- _EXERCISE DIRECTIONS_
A single number is required: the count of lines in the following entries that include the word "forall".

- _EXTRACTED INFORMATION_
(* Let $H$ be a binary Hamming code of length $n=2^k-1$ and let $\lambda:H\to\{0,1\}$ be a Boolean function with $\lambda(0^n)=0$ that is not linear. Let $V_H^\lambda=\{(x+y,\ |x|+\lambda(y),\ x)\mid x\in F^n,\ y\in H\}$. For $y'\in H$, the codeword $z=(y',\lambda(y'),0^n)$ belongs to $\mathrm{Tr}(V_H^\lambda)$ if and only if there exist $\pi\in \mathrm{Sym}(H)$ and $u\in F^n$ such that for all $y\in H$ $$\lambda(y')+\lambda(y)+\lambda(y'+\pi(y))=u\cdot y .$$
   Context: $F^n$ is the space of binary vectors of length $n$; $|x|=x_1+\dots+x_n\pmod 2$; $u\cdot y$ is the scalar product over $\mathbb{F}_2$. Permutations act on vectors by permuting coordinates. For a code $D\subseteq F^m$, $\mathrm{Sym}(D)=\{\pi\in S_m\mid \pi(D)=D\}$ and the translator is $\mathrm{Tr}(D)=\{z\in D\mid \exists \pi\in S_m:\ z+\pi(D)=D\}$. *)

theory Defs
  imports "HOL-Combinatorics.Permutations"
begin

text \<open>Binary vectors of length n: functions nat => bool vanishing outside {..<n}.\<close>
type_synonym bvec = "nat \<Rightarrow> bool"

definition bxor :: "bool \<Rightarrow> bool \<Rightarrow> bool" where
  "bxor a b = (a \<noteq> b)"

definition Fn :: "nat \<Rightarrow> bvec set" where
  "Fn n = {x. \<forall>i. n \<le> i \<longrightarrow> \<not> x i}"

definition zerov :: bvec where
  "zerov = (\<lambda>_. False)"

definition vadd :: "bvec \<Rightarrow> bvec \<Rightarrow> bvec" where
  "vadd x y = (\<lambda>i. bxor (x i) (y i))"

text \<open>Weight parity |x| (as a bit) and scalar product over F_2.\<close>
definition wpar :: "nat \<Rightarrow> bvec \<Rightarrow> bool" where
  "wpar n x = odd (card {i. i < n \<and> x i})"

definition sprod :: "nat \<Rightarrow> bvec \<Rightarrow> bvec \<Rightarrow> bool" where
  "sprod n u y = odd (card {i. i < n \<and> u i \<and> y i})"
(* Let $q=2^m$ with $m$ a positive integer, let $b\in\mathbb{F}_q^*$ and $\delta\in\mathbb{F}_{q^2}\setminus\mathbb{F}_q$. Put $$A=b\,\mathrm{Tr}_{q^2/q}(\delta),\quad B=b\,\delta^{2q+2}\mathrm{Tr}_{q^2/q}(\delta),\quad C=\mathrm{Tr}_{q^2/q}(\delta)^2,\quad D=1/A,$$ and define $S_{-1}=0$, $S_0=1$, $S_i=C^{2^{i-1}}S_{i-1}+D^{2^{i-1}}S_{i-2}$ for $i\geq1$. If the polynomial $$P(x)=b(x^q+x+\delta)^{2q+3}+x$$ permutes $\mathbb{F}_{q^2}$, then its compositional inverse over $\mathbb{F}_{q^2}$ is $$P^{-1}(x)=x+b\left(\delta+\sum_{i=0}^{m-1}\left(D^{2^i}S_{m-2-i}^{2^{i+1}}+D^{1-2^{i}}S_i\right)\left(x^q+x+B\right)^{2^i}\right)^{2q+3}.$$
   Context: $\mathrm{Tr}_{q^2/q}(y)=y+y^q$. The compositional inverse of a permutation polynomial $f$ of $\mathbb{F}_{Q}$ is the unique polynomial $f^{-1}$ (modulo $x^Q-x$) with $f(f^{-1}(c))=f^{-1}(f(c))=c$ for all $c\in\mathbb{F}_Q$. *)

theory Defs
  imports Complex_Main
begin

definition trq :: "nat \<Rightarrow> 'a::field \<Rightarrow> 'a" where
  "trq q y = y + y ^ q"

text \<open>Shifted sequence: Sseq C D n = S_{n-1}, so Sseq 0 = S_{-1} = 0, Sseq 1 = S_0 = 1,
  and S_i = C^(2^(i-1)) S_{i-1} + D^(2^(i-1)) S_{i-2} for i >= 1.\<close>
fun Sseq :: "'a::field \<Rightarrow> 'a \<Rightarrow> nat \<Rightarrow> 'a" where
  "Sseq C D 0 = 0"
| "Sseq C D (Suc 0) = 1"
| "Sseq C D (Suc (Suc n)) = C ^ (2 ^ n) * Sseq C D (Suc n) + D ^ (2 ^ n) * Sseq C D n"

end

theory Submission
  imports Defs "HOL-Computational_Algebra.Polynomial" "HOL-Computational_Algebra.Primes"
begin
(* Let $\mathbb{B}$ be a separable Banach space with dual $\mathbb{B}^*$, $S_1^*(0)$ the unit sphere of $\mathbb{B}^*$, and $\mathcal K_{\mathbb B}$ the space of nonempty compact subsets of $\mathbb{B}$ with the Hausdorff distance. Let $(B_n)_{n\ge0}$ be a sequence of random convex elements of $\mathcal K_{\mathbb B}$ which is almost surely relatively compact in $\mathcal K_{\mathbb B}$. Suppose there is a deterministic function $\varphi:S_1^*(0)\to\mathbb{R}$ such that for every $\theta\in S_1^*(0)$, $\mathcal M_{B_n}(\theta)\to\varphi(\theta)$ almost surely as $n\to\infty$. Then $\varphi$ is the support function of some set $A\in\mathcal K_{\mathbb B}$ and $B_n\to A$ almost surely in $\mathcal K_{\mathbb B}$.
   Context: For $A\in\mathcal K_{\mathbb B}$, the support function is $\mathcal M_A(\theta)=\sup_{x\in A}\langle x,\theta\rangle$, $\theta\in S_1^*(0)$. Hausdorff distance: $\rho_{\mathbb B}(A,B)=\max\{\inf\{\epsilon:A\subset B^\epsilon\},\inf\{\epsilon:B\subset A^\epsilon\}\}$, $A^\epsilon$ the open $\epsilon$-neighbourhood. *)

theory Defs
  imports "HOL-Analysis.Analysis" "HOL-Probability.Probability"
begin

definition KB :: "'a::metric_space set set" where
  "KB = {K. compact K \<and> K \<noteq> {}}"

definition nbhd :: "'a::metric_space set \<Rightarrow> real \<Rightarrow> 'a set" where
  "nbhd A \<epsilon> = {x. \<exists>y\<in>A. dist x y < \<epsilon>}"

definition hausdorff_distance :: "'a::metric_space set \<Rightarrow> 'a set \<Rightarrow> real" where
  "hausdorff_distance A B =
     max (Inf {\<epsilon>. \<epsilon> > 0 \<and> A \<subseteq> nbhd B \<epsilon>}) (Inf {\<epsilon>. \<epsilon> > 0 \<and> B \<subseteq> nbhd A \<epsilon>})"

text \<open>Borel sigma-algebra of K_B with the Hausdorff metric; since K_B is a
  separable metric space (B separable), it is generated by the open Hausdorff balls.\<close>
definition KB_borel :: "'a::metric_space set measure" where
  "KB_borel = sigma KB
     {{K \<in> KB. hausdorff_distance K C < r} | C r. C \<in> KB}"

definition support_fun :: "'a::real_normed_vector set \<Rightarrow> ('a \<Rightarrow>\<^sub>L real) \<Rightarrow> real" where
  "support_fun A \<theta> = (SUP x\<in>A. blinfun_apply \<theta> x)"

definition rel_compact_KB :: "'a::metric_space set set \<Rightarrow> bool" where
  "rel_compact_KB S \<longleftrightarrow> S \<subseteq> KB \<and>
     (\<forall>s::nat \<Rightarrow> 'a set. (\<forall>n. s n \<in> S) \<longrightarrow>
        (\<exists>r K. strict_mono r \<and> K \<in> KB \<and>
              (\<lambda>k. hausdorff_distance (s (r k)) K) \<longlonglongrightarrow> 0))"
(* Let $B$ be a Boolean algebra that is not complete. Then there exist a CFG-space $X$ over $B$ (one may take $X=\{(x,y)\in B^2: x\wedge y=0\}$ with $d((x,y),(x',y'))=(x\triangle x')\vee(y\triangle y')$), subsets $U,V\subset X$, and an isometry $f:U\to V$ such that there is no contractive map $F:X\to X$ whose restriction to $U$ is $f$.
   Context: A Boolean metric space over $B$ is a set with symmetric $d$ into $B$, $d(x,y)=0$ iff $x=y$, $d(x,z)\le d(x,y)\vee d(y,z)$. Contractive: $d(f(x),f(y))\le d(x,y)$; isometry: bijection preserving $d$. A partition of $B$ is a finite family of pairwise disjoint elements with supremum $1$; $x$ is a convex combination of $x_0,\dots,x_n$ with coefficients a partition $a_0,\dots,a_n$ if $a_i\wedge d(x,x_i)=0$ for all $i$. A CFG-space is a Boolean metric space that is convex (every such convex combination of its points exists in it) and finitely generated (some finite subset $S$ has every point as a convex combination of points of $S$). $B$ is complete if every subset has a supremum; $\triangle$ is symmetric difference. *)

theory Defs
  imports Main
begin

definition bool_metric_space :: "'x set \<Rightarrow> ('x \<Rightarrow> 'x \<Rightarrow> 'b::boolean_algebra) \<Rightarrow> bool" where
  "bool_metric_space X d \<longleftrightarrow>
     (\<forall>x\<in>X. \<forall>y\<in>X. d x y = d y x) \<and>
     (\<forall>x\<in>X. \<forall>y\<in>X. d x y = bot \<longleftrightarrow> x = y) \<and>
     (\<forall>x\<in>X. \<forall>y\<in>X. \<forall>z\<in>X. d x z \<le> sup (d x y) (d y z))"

...

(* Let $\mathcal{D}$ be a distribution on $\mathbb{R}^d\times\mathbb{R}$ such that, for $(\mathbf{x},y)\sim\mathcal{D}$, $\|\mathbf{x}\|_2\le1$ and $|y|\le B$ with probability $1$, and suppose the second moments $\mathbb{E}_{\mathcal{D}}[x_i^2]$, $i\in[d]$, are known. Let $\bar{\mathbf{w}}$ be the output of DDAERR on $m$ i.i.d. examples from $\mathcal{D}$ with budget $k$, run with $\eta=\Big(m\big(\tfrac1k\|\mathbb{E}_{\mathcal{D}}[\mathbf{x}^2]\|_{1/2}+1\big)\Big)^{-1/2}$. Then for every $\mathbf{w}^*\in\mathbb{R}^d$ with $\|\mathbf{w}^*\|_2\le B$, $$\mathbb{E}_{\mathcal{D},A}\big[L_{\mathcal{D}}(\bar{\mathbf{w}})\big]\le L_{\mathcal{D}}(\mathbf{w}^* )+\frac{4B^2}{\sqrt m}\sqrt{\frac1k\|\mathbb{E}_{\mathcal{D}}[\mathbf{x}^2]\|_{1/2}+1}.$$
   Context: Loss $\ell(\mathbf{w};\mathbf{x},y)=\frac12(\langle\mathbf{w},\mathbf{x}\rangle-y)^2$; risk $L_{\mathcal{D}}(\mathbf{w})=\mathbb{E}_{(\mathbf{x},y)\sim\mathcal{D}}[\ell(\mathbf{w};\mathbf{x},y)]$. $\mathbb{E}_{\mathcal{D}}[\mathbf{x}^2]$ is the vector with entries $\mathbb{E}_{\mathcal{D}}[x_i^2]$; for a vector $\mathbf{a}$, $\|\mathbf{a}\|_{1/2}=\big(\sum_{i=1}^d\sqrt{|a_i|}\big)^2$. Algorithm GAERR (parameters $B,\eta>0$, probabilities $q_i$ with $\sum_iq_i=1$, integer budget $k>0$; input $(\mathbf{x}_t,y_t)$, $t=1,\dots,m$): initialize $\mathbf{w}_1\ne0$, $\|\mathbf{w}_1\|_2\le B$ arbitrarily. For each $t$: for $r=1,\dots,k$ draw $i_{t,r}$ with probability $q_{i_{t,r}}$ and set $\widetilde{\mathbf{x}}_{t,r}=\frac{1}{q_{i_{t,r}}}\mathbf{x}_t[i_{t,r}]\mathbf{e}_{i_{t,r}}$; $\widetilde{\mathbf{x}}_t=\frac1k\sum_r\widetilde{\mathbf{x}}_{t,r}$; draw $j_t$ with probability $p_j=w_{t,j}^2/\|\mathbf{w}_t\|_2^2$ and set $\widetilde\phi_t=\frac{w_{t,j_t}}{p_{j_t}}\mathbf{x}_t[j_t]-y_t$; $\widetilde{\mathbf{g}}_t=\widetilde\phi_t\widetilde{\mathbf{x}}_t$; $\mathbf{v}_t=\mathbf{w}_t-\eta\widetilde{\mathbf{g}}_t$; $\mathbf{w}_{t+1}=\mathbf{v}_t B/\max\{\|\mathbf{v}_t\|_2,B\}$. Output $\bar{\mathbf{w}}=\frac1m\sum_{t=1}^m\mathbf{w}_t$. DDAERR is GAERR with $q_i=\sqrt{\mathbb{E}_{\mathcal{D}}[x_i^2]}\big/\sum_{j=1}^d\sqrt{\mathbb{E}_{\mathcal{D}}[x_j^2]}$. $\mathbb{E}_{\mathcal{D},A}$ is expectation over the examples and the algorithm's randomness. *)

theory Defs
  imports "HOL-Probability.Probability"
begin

- _PROBLEM SOLUTION_
5